Exercise requirements. Your task is to repeat exactly the lines below between the line holding "rb)) x \<longleftrightarrow>" and the line holding "ultimately show ?thesis", inclusive, and only those.

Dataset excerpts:
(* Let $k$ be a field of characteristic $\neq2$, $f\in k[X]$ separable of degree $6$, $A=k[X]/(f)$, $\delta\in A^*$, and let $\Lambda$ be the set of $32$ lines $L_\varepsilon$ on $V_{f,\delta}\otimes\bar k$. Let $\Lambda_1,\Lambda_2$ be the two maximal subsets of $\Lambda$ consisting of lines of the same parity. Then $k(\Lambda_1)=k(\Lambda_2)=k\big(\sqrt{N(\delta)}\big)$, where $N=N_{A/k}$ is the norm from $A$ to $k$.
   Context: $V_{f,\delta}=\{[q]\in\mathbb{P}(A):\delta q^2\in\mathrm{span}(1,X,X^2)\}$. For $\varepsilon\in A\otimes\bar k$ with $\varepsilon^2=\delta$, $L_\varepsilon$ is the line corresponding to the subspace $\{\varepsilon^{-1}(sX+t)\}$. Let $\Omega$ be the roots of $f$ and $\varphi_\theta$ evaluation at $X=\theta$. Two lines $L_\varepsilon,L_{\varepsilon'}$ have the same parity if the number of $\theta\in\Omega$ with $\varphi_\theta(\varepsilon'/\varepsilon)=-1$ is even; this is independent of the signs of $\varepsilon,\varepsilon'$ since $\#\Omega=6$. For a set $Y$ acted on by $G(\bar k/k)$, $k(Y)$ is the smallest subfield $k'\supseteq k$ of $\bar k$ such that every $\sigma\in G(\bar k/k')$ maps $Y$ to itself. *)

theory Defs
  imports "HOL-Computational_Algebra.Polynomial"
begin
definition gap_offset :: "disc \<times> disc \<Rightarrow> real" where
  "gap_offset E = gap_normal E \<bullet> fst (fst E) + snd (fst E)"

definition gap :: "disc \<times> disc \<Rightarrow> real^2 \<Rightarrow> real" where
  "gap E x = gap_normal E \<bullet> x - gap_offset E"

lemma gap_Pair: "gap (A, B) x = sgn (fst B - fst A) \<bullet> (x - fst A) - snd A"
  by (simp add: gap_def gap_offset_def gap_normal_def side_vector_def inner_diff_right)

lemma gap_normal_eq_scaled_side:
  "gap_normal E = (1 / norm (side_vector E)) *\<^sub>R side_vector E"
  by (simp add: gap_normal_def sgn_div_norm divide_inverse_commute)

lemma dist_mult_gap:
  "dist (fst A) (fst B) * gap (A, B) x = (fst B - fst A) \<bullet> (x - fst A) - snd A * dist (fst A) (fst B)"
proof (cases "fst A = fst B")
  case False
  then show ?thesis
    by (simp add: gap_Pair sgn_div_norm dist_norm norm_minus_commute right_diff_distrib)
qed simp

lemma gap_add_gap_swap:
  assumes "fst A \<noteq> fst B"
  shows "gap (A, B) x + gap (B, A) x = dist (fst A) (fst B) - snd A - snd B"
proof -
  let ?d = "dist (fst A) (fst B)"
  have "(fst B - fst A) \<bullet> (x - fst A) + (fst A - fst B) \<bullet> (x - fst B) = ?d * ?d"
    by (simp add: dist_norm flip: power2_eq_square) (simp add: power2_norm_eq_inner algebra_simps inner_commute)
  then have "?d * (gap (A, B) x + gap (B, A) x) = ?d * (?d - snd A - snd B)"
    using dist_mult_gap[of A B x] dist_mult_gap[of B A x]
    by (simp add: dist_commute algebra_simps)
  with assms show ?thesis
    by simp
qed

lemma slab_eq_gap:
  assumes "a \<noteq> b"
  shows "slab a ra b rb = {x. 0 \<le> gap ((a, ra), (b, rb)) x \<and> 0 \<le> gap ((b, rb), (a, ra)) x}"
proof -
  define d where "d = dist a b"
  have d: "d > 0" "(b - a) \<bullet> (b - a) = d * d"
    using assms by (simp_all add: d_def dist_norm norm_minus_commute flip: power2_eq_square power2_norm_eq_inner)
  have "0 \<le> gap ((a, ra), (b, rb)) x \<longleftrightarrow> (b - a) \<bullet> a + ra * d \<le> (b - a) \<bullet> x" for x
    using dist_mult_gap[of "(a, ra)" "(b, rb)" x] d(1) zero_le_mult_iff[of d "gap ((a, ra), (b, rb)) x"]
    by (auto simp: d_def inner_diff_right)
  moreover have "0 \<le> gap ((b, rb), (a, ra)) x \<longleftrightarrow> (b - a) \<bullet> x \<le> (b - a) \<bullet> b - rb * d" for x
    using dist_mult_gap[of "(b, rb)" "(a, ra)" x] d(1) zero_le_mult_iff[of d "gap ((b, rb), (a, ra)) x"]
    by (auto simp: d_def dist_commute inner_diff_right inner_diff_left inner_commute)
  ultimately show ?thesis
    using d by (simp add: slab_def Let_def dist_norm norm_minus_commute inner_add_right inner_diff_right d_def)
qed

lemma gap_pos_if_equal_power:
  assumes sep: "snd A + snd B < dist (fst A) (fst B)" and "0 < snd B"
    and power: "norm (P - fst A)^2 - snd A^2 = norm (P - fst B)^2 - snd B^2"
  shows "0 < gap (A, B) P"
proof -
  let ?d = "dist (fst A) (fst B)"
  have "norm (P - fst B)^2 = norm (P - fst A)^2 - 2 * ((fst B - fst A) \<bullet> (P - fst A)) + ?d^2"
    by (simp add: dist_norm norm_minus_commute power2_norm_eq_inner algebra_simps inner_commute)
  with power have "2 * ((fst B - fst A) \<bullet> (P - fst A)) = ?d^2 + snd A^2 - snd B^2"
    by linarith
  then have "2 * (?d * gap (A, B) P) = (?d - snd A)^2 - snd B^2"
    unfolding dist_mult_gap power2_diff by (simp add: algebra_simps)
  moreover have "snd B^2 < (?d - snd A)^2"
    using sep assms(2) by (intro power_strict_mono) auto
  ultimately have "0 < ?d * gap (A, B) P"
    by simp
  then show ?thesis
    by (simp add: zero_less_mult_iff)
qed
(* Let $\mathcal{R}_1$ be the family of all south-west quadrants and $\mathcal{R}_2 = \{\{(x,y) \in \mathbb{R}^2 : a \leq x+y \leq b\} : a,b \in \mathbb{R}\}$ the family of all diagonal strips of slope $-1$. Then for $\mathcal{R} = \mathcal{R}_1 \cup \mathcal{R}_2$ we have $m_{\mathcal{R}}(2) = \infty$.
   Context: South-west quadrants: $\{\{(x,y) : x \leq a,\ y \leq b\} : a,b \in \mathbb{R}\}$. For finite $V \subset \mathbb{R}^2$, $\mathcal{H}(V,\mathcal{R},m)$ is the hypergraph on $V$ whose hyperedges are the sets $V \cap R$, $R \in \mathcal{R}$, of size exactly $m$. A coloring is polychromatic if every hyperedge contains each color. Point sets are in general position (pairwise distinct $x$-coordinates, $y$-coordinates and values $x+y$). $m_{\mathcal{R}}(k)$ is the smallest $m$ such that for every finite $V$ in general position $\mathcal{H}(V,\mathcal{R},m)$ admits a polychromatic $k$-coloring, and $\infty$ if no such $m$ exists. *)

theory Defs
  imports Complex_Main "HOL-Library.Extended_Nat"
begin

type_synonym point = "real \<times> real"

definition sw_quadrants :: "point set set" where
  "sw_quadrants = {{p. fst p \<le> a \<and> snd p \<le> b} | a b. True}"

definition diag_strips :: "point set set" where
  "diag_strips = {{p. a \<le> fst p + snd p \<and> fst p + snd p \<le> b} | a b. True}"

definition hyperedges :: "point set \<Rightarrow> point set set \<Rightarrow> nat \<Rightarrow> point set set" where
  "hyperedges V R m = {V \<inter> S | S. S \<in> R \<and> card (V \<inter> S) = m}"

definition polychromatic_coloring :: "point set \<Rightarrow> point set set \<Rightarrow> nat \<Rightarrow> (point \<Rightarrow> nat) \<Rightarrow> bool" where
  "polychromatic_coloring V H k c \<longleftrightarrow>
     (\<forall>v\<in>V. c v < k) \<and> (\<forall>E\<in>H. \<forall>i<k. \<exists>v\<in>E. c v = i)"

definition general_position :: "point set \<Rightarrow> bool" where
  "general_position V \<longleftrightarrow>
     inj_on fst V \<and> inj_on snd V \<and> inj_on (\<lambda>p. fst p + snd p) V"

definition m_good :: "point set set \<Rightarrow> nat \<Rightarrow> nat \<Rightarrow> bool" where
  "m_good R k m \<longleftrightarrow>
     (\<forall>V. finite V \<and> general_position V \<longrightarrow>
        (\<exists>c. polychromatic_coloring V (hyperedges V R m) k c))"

Task response.
  have "0 \<le> gap ((a, ra), (b, rb)) x \<longleftrightarrow> (b - a) \<bullet> a + ra * d \<le> (b - a) \<bullet> x" for x
    using dist_mult_gap[of "(a, ra)" "(b, rb)" x] d(1) zero_le_mult_iff[of d "gap ((a, ra), (b, rb)) x"]
    by (auto simp: d_def inner_diff_right)
  moreover have "0 \<le> gap ((b, rb), (a, ra)) x \<longleftrightarrow> (b - a) \<bullet> x \<le> (b - a) \<bullet> b - rb * d" for x
    using dist_mult_gap[of "(b, rb)" "(a, ra)" x] d(1) zero_le_mult_iff[of d "gap ((b, rb), (a, ra)) x"]
    by (auto simp: d_def dist_commute inner_diff_right inner_diff_left inner_commute)
  ultimately show ?thesis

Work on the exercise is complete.